Backlash has been strong against a new N.C. billboard law that could cost the state tens of thousands of trees. The 2011 law, which went into effect March 1, allows for a wider swath of trees to be cut around billboards, and it transfers control over the trees from cities and town to the N.C. Department of Transportation. It was written with help from the outdoor advertising industry.
We've said the law is a bad idea and encouraged lawmakers and N.C. DOT to find a better balance between business, beauty and local control as they work through the process of making permanent rules for the law's application.
The Observer reported last week that Charlotte's Adams Outdoor has submitted 21 applications with the state to remove hundreds of trees in the city.
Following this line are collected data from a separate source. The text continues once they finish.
(* Fix $\alpha\in(0,1/2)$ and $q_1,q_3\in(0,1)$. Define $m^*(3/4,3/4)=16\alpha$, $m^*(3/4,1/4)=m^*(1/4,3/4)=\frac{8(1-2\alpha)}{3}$, $m^*(1/4,1/4)=\frac{16\alpha}{9}$, $m^*=\frac{16(4\alpha+3)}{9}$, $\overline{q}^*=\frac{8\alpha+3}{8\alpha+6}$, $\overline{\lambda}^*=1/m^*$, $$\overline{q}=\frac{1}{m^*}\Big[\big(m^*(\tfrac34,\tfrac34)+m^*(\tfrac34,\tfrac14)\big)q_3+\big(m^*(\tfrac14,\tfrac34)+m^*(\tfrac14,\tfrac14)\big)q_1\Big],$$ $$\overline{\lambda}=\frac{1}{m^*}\Big(m^*(\tfrac34,\tfrac34)\tfrac{1-q_3}{4}+m^*(\tfrac34,\tfrac14)\tfrac{3(1-q_3)}{4}+m^*(\tfrac14,\tfrac34)\tfrac{1-q_1}{4}+m^*(\tfrac14,\tfrac14)\tfrac{3(1-q_1)}{4}\Big),$$ $M=\frac{2(4\alpha+1)}{3(1-q_3)}+\frac{2(3-4\alpha)}{3(1-q_1)}$ and $Q=\big(q_3\frac{2(4\alpha+1)}{3(1-q_3)}+q_1\frac{2(3-4\alpha)}{3(1-q_1)}\big)/M$. Suppose either (1) $\alpha>1/4$, $(12\alpha+3)q_3+(3-4\alpha)q_1>8\alpha+3$ and $\frac{4\alpha+1}{1-q_3}+\frac{3-4\alpha}{1-q_1}<\frac{8(4\alpha+3)}{3}$; or (2) $\alpha\le 1/4$, $6q_3+2q_1>5$ and $\frac{4\alpha+1}{1-q_3}+\frac{3-4\alpha}{1-q_1}<\frac{8(4\alpha+3)}{3}$. Then $\overline{q}>\overline{q}^*$ and $\overline{\lambda}<\overline{\lambda}^*$, while the treatment's steady-state performance is worse than the status quo's: $M<m^*$ and $Q<\overline{q}^*$.
   Context: Model: user types $(x,e)\in\{1/4,3/4\}^2$ with per-period inflow masses $\alpha$ for $(3/4,3/4)$ and $(1/4,1/4)$ and $1/2-\alpha$ for $(3/4,1/4)$ and $(1/4,3/4)$; an algorithm gives quality $q(x)\in(0,1)$ to segment $x$ and a type-$(x,e)$ user churns each period with probability $(1-q(x))(1-e)$; the steady-state mass of type $(x,e)$ is $F(x,e)/((1-q(x))(1-e))$. The status quo is $q^*(x)=x$ with steady-state masses $m^*(x,e)$, total $m^*$, ARQ $\overline{q}^*$ and churn rate $\overline{\lambda}^*$. The treatment has $q(1/4)=q_1,q(3/4)=q_3$; $\overline{q},\overline{\lambda}$ are its ARQ and churn rate observed in a one-period experiment on the status quo population; $M,Q$ are its own steady-state total population and ARQ. *)

theory Defs
  imports Complex_Main
begin

definition mstar :: "real \<Rightarrow> real \<Rightarrow> real \<Rightarrow> real" where
  "mstar \<alpha> x e =
     (if x = 3/4 \<and> e = 3/4 then 16*\<alpha>
      else if x = 1/4 \<and> e = 1/4 then 16*\<alpha>/9
      else 8*(1 - 2*\<alpha>)/3)"

definition mstar_total :: "real \<Rightarrow> real" where
  "mstar_total \<alpha> = 16*(4*\<alpha> + 3)/9"

definition qbar_star :: "real \<Rightarrow> real" where
  "qbar_star \<alpha> = (8*\<alpha> + 3)/(8*\<alpha> + 6)"

definition lambar_star :: "real \<Rightarrow> real" where
  "lambar_star \<alpha> = 1 / mstar_total \<alpha>"

definition qbar :: "real \<Rightarrow> real \<Rightarrow> real \<Rightarrow> real" where
  "qbar \<alpha> q1 q3 = (1 / mstar_total \<alpha>) *
     ((mstar \<alpha> (3/4) (3/4) + mstar \<alpha> (3/4) (1/4)) * q3
      + (mstar \<alpha> (1/4) (3/4) + mstar \<alpha> (1/4) (1/4)) * q1)"

definition lambar :: "real \<Rightarrow> real \<Rightarrow> real \<Rightarrow> real" where
  "lambar \<alpha> q1 q3 = (1 / mstar_total \<alpha>) *
     (mstar \<alpha> (3/4) (3/4) * ((1 - q3)/4) + mstar \<alpha> (3/4) (1/4) * (3*(1 - q3)/4)
      + mstar \<alpha> (1/4) (3/4) * ((1 - q1)/4) + mstar \<alpha> (1/4) (1/4) * (3*(1 - q1)/4))"

definition Mtreat :: "real \<Rightarrow> real \<Rightarrow> real \<Rightarrow> real" where
  "Mtreat \<alpha> q1 q3 = 2*(4*\<alpha> + 1)/(3*(1 - q3)) + 2*(3 - 4*\<alpha>)/(3*(1 - q1))"

definition Qtreat :: "real \<Rightarrow> real \<Rightarrow> real \<Rightarrow> real" where
  "Qtreat \<alpha> q1 q3 = (q3 * (2*(4*\<alpha> + 1)/(3*(1 - q3))) + q1 * (2*(3 - 4*\<alpha>)/(3*(1 - q1))))
                     / Mtreat \<alpha> q1 q3"

end

theory Submission
  imports Defs
begin

text \<open>Write \<open>A = 4\<alpha> + 1\<close>, \<open>B = 3 - 4\<alpha> = 4 - A\<close>, \<open>u = 1 - q3\<close>, \<open>v = 1 - q1\<close>. The two
  experimental improvements are the half-planes \<open>3Au + Bv < 3\<close> and \<open>6u + 2v < 3\<close>, the
  steady-state condition \<open>M < m*\<close> is the convex region \<open>A/u + B/v < 8(A+2)/3\<close>, and all three
  boundaries pass through \<open>(1/4, 3/4)\<close>. By convexity the region lies in the tangent half-plane
  at that point, which on the side \<open>v > 3u\<close> of the diagonal misses both improvement half-planes.
  On the other side the two half-planes are nested, in the direction given by the sign of
  \<open>A - 2\<close>, so either improvement forces the other. Finally the ARQ of a steady state is
  \<open>1 - (8/3)/population\<close>, so \<open>Q < q*\<close> is equivalent to \<open>M < m*\<close>.\<close>

lemma tangent_le_inverse:
  fixes t u :: real
  assumes "0 < t" "0 < u"
  shows "(2*t - u) / t^2 \<le> 1 / u"
proof -
  have "1/u - (2*t - u) / t^2 = (t - u)^2 / (u * t^2)"
    using assms by (simp add: field_simps power2_eq_square)
  also have "\<dots> \<ge> 0" using assms by simp
  finally show ?thesis by simp
qed

lemma tangent_halfplane:
  fixes A B u v :: real
  assumes "0 \<le> A" "0 \<le> B" "B = 4 - A" "0 < u" "0 < v" "A/u + B/v < 8*(A+2)/3"
  shows "3*(A+2) < 18*A*u + 2*B*v"
proof -
  have "A * ((2*(1/4) - u) / (1/4)^2) \<le> A/u"
    using mult_left_mono[OF tangent_le_inverse[of "1/4" u]] assms by simp
  moreover have "B * ((2*(3/4) - v) / (3/4)^2) \<le> B/v"
    using mult_left_mono[OF tangent_le_inverse[of "3/4" v]] assms by simp
  ultimately have "A * ((2*(1/4) - u) / (1/4)^2) + B * ((2*(3/4) - v) / (3/4)^2) < 8*(A+2)/3"
    using assms(6) by linarith
  then show ?thesis unfolding \<open>B = 4 - A\<close> by (simp add: field_simps)
qed

lemma improvements_fail_above_diagonal:
  fixes A B u v :: real
  assumes "1 < A" "0 < B" "B = 4 - A" "3*(A+2) < 18*A*u + 2*B*v" "3*u < v"
  shows "3 < 3*A*u + B*v" and "3 < 6*u + 2*v"
proof -
  have "(A+2) * (3*A*u + B*v - 3) = (18*A*u + 2*B*v - 3*(A+2)) + A*B*(v - 3*u)"
    unfolding \<open>B = 4 - A\<close> by (simp add: algebra_simps)
  moreover have "0 < A*B*(v - 3*u)" using assms by simp
  ultimately have "0 < (A+2) * (3*A*u + B*v - 3)" using assms(4) by linarith
  then show "3 < 3*A*u + B*v" using \<open>1 < A\<close> by (simp add: zero_less_mult_iff)
  have "(A+2) * (6*u + 2*v - 3) = (18*A*u + 2*B*v - 3*(A+2)) + 4*(A-1)*(v - 3*u)"
    unfolding \<open>B = 4 - A\<close> by (simp add: algebra_simps)
  moreover have "0 < 4*(A-1)*(v - 3*u)" using assms by simp
  ultimately have "0 < (A+2) * (6*u + 2*v - 3)" using assms(4) by linarith
  then show "3 < 6*u + 2*v" using \<open>1 < A\<close> by (simp add: zero_less_mult_iff)
qed

lemma improvements_coincide:
  fixes A B u v :: real
  assumes "1 < A" "0 < B" "B = 4 - A" "0 < u" "0 < v" "A/u + B/v < 8*(A+2)/3"
    and "(2 < A \<and> 3*A*u + B*v < 3) \<or> (A \<le> 2 \<and> 6*u + 2*v < 3)"
  shows "3*A*u + B*v < 3 \<and> 6*u + 2*v < 3"
proof -
  have "3*(A+2) < 18*A*u + 2*B*v" using tangent_halfplane assms by simp
  then have below: "v \<le> 3*u"
    using improvements_fail_above_diagonal[of A B u v] assms by force
  have nested: "3*A*u + B*v - 3 = (6*u + 2*v - 3) + (A-2)*(3*u - v)"
    unfolding \<open>B = 4 - A\<close> by (simp add: algebra_simps)
  show ?thesis
  proof (cases "2 < A")
    case True
    then have "0 \<le> (A-2)*(3*u - v)" using below by simp
    then show ?thesis using nested assms(7) True by linarith
  next
    case False
    then have "(A-2)*(3*u - v) \<le> 0" using below by (simp add: mult_nonpos_nonneg)
    then show ?thesis using nested assms(7) False by linarith
  qed
qed

lemma qbar_gt_qbar_star_iff:
  assumes "0 < 4*\<alpha> + 3"
  shows "qbar \<alpha> q1 q3 > qbar_star \<alpha> \<longleftrightarrow> (12*\<alpha> + 3)*q3 + (3 - 4*\<alpha>)*q1 > 8*\<alpha> + 3"
proof -
  have "qbar \<alpha> q1 q3 = ((12*\<alpha> + 3)*q3 + (3 - 4*\<alpha>)*q1) / (8*\<alpha> + 6)"
    unfolding qbar_def mstar_def mstar_total_def using assms by (simp add: field_simps)
  moreover have "0 < 8*\<alpha> + 6" using assms by simp
  ultimately show ?thesis unfolding qbar_star_def by (simp add: divide_less_cancel)
qed

lemma lambar_lt_lambar_star_iff:
  assumes "0 < 4*\<alpha> + 3"
  shows "lambar \<alpha> q1 q3 < lambar_star \<alpha> \<longleftrightarrow> 6*q3 + 2*q1 > 5"
proof -
  have "lambar \<alpha> q1 q3 = (2*(1 - q3) + 2*(1 - q1)/3) * lambar_star \<alpha>"
    unfolding lambar_def lambar_star_def mstar_def mstar_total_def using assms
    by (simp add: field_simps)
  moreover have "0 < lambar_star \<alpha>" unfolding lambar_star_def mstar_total_def using assms by simp
  ultimately have "lambar \<alpha> q1 q3 < lambar_star \<alpha> \<longleftrightarrow> 2*(1 - q3) + 2*(1 - q1)/3 < 1"
    by (simp add: mult_less_cancel_right2)
  then show ?thesis by (simp add: field_simps)
qed

lemma Mtreat_lt_mstar_total_iff:
  "Mtreat \<alpha> q1 q3 < mstar_total \<alpha> \<longleftrightarrow>
     (4*\<alpha> + 1)/(1 - q3) + (3 - 4*\<alpha>)/(1 - q1) < 8*(4*\<alpha> + 3)/3"
proof -
  define X where "X = (4*\<alpha> + 1)/(1 - q3) + (3 - 4*\<alpha>)/(1 - q1)"
  have "Mtreat \<alpha> q1 q3 = 2/3 * X"
    unfolding Mtreat_def X_def times_divide_times_eq[symmetric] by (rule distrib_left[symmetric])
  then show ?thesis unfolding mstar_total_def X_def[symmetric] by auto
qed

text \<open>The steady-state mass lost per period to low quality, \<open>\<Sum> (1 - q x) m(x,e)\<close>, is
  \<open>\<Sum> F(x,e)/(1 - e) = 8/3\<close> whatever the algorithm.\<close>

lemma Qtreat_eq:
  assumes "q1 \<noteq> 1" "q3 \<noteq> 1" "Mtreat \<alpha> q1 q3 \<noteq> 0"
  shows "Qtreat \<alpha> q1 q3 = 1 - (8/3) / Mtreat \<alpha> q1 q3"
proof -
  have q_times: "q * (c / (3*(1 - q))) = c / (3*(1 - q)) - c/3" if "q \<noteq> 1" for q c :: real
    using that by (simp add: field_simps)
  have "q3 * (2*(4*\<alpha> + 1)/(3*(1 - q3))) + q1 * (2*(3 - 4*\<alpha>)/(3*(1 - q1)))
          = Mtreat \<alpha> q1 q3 - 8/3"
    unfolding Mtreat_def using q_times assms(1,2) by simp (simp add: field_simps)
  then show ?thesis unfolding Qtreat_def using assms(3) by (simp add: diff_divide_distrib)
qed

lemma qbar_star_eq:
  assumes "4*\<alpha> + 3 \<noteq> 0"
  shows "qbar_star \<alpha> = 1 - (8/3) / mstar_total \<alpha>"
  unfolding qbar_star_def mstar_total_def using assms by (simp add: field_simps)

lemma Qtreat_lt_qbar_star_iff:
  assumes "0 < 4*\<alpha> + 3" "q1 \<noteq> 1" "q3 \<noteq> 1" "0 < Mtreat \<alpha> q1 q3"
  shows "Qtreat \<alpha> q1 q3 < qbar_star \<alpha> \<longleftrightarrow> Mtreat \<alpha> q1 q3 < mstar_total \<alpha>"
proof -
  have "Qtreat \<alpha> q1 q3 < qbar_star \<alpha> \<longleftrightarrow> (8/3) / mstar_total \<alpha> < (8/3) / Mtreat \<alpha> q1 q3"
    using Qtreat_eq[of q1 q3 \<alpha>] qbar_star_eq[of \<alpha>] assms by simp
  moreover have "0 < mstar_total \<alpha>" unfolding mstar_total_def using assms(1) by simp
  ultimately show ?thesis using assms(4) by (simp add: field_simps)
qed

theorem proposition2:
  fixes \<alpha> q1 q3 :: real
  assumes "0 < \<alpha>" "\<alpha> < 1/2"
    and "0 < q1" "q1 < 1" "0 < q3" "q3 < 1"
    and "(\<alpha> > 1/4 \<and> (12*\<alpha> + 3)*q3 + (3 - 4*\<alpha>)*q1 > 8*\<alpha> + 3
            \<and> (4*\<alpha> + 1)/(1 - q3) + (3 - 4*\<alpha>)/(1 - q1) < 8*(4*\<alpha> + 3)/3)
       \<or> (\<alpha> \<le> 1/4 \<and> 6*q3 + 2*q1 > 5
            \<and> (4*\<alpha> + 1)/(1 - q3) + (3 - 4*\<alpha>)/(1 - q1) < 8*(4*\<alpha> + 3)/3)"
  shows "qbar \<alpha> q1 q3 > qbar_star \<alpha> \<and> lambar \<alpha> q1 q3 < lambar_star \<alpha>
         \<and> Mtreat \<alpha> q1 q3 < mstar_total \<alpha> \<and> Qtreat \<alpha> q1 q3 < qbar_star \<alpha>"
proof -
  have steady: "(4*\<alpha> + 1)/(1 - q3) + (3 - 4*\<alpha>)/(1 - q1) < 8*(4*\<alpha> + 3)/3"
    using assms(7) by blast
  have "(2 < 4*\<alpha> + 1 \<and> 3*(4*\<alpha> + 1)*(1 - q3) + (3 - 4*\<alpha>)*(1 - q1) < 3)
      \<or> (4*\<alpha> + 1 \<le> 2 \<and> 6*(1 - q3) + 2*(1 - q1) < 3)"
    using assms(7) by (auto simp: algebra_simps)
  then have "3*(4*\<alpha> + 1)*(1 - q3) + (3 - 4*\<alpha>)*(1 - q1) < 3 \<and> 6*(1 - q3) + 2*(1 - q1) < 3"
    by (rule improvements_coincide[rotated 6]) (use assms steady in auto)
  then have quality: "(12*\<alpha> + 3)*q3 + (3 - 4*\<alpha>)*q1 > 8*\<alpha> + 3"
    and churn: "6*q3 + 2*q1 > 5"
    by (simp_all add: algebra_simps)
  have "0 < Mtreat \<alpha> q1 q3"
    unfolding Mtreat_def using assms by (intro add_pos_pos divide_pos_pos) auto
  with quality churn steady assms show ?thesis
    by (simp add: qbar_gt_qbar_star_iff lambar_lt_lambar_star_iff Mtreat_lt_mstar_total_iff
                  Qtreat_lt_qbar_star_iff)
qed

end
Kevin Madrzykowski, General Manager of Charlotte's Adams Outdoor Advertising, responds to criticism of the law in an op-ed that will appear in tomorrow's print Observer.
It is the responsibility of legislators, especially in challenged economic times, to support legislation that fosters economic development and job creation, at the same time balancing the impact such legislation has on the environment, quality of life, and a constructive business climate. It’s also their responsibility to intervene when overly restrictive regulations threaten to put people out of work and an industry out of business. That is exactly the situation the Outdoor Advertising Industry finds itself.
When our signs were permitted and built, clear visibility existed. That is no longer the case as subsequent vegetation removal regulations have been put into effect by municipalities and the NCDOT. Until SB183, which only pertains to NCDOT Right of Way, the industry and Adams were required to conform to both municipality and NCDOT regulations. This duality created an environment where we could not maintain our assets properly.
As the Charlotte arborist acknowledged, contradiction existed between State and city regulation resulting in a scenario where we could remove little to no vegetation on property under NCDOT’s jurisdiction. These are vegetation concerns that did not exist when the billboards were originally constructed.
For a business that survives by providing advertisers exposure on high-trafficked roadways, visibility is a must. It’s not a stretch to construe this contradiction as a means to put us out of business. With record levels of unemployment, putting additional jobs at risk is criminal.
Who is Adams Outdoor? Adams is the premier provider of outdoor advertising in Charlotte, locally headquartered and employs over 65 people; Adams is our livelihood.
Adams also partners with over 715 landowners from whom we lease property. These property owners rely on income from the billboard structures to pay their bills, support their families . . . . and enjoy their basic property rights.
Further, Adams works with more than 470 advertisers striving to grow their businesses and achieve the best return for their advertising dollar. For many outdoor advertising is the foundation of their media strategy and integral to driving potential customers to their business.
Finally, Adams is privileged to annually contribute over $1.5 million in advertising space to local non-profit organizations, community interest causes, schools, and municipalities. Additionally, many employees have selflessly donated their time volunteering with these organizations. We do this because it’s the right thing to do.
This legislation is not about trees vs. billboards. It’s not about pushing the envelope in regard to the environment and asking for extremes. In fact, it’s not even about protecting visibility that existed when the billboards were first constructed. This legislation is about doing what is fair, right and reasonable, rather than requiring that a legitimate, viable, giving company go out of business.
It is about supporting a business that cares deeply for this community so that it can continue to exist and do good.